## ABOUT THIS EXERCISE
Output the entries below so that they read exactly as they do now.

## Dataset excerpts
***

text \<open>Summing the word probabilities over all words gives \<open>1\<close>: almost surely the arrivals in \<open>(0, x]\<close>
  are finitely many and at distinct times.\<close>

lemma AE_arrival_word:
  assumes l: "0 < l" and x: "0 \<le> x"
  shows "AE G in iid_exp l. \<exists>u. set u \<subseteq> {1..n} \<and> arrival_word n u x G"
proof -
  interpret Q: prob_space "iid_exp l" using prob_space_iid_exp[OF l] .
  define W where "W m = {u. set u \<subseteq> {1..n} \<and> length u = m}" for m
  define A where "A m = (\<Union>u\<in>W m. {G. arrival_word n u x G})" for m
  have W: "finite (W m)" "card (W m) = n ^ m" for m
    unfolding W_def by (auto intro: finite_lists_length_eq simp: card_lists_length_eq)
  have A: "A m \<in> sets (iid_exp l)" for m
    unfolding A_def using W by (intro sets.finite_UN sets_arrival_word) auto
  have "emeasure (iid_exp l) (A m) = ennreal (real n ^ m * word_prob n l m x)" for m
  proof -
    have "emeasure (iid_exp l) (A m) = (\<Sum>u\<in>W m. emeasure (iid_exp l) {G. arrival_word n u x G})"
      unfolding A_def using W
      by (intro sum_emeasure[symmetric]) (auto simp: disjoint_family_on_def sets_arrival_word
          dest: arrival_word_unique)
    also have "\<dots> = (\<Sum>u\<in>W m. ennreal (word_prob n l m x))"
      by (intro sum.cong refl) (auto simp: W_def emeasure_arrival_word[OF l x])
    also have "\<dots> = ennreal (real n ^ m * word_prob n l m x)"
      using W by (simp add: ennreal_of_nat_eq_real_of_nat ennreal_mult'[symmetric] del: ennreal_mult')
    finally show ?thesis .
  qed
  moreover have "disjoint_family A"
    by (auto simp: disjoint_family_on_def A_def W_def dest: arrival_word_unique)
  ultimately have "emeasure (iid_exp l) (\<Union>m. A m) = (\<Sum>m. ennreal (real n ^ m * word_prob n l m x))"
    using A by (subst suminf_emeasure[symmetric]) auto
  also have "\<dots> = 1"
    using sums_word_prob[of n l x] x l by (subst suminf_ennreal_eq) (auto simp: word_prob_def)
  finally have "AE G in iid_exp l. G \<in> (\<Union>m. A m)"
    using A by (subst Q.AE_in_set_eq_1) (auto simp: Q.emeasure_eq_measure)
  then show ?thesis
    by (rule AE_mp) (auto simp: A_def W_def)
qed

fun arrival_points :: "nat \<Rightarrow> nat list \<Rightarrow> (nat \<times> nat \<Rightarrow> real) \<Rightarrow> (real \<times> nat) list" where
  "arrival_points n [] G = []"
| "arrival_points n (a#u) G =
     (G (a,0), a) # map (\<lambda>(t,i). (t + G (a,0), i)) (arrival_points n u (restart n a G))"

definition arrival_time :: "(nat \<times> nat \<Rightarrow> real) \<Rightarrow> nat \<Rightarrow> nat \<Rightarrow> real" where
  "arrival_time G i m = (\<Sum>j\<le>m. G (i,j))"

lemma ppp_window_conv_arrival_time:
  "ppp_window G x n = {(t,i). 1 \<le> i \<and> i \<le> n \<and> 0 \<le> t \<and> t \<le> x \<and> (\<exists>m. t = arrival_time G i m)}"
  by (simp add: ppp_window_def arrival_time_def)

***

## RESPONSE AREA
text \<open>Summing the word probabilities over all words gives \<open>1\<close>: almost surely the arrivals in \<open>(0, x]\<close>
  are finitely many and at distinct times.\<close>

lemma AE_arrival_word:
  assumes l: "0 < l" and x: "0 \<le> x"
  shows "AE G in iid_exp l. \<exists>u. set u \<subseteq> {1..n} \<and> arrival_word n u x G"
proof -
  interpret Q: prob_space "iid_exp l" using prob_space_iid_exp[OF l] .
  define W where "W m = {u. set u \<subseteq> {1..n} \<and> length u = m}" for m
  define A where "A m = (\<Union>u\<in>W m. {G. arrival_word n u x G})" for m
  have W: "finite (W m)" "card (W m) = n ^ m" for m
    unfolding W_def by (auto intro: finite_lists_length_eq simp: card_lists_length_eq)
  have A: "A m \<in> sets (iid_exp l)" for m
    unfolding A_def using W by (intro sets.finite_UN sets_arrival_word) auto
  have "emeasure (iid_exp l) (A m) = ennreal (real n ^ m * word_prob n l m x)" for m
  proof -
    have "emeasure (iid_exp l) (A m) = (\<Sum>u\<in>W m. emeasure (iid_exp l) {G. arrival_word n u x G})"
      unfolding A_def using W
      by (intro sum_emeasure[symmetric]) (auto simp: disjoint_family_on_def sets_arrival_word
          dest: arrival_word_unique)
    also have "\<dots> = (\<Sum>u\<in>W m. ennreal (word_prob n l m x))"
      by (intro sum.cong refl) (auto simp: W_def emeasure_arrival_word[OF l x])
    also have "\<dots> = ennreal (real n ^ m * word_prob n l m x)"
      using W by (simp add: ennreal_of_nat_eq_real_of_nat ennreal_mult'[symmetric] del: ennreal_mult')
    finally show ?thesis .
  qed
  moreover have "disjoint_family A"
    by (auto simp: disjoint_family_on_def A_def W_def dest: arrival_word_unique)
  ultimately have "emeasure (iid_exp l) (\<Union>m. A m) = (\<Sum>m. ennreal (real n ^ m * word_prob n l m x))"
    using A by (subst suminf_emeasure[symmetric]) auto
  also have "\<dots> = 1"
    using sums_word_prob[of n l x] x l by (subst suminf_ennreal_eq) (auto simp: word_prob_def)
  finally have "AE G in iid_exp l. G \<in> (\<Union>m. A m)"
    using A by (subst Q.AE_in_set_eq_1) (auto simp: Q.emeasure_eq_measure)
  then show ?thesis
    by (rule AE_mp) (auto simp: A_def W_def)
qed

fun arrival_points :: "nat \<Rightarrow> nat list \<Rightarrow> (nat \<times> nat \<Rightarrow> real) \<Rightarrow> (real \<times> nat) list" where
  "arrival_points n [] G = []"
| "arrival_points n (a#u) G =
     (G (a,0), a) # map (\<lambda>(t,i). (t + G (a,0), i)) (arrival_points n u (restart n a G))"

definition arrival_time :: "(nat \<times> nat \<Rightarrow> real) \<Rightarrow> nat \<Rightarrow> nat \<Rightarrow> real" where
  "arrival_time G i m = (\<Sum>j\<le>m. G (i,j))"

lemma ppp_window_conv_arrival_time:
  "ppp_window G x n = {(t,i). 1 \<le> i \<and> i \<le> n \<and> 0 \<le> t \<and> t \<le> x \<and> (\<exists>m. t = arrival_time G i m)}"
  by (simp add: ppp_window_def arrival_time_def)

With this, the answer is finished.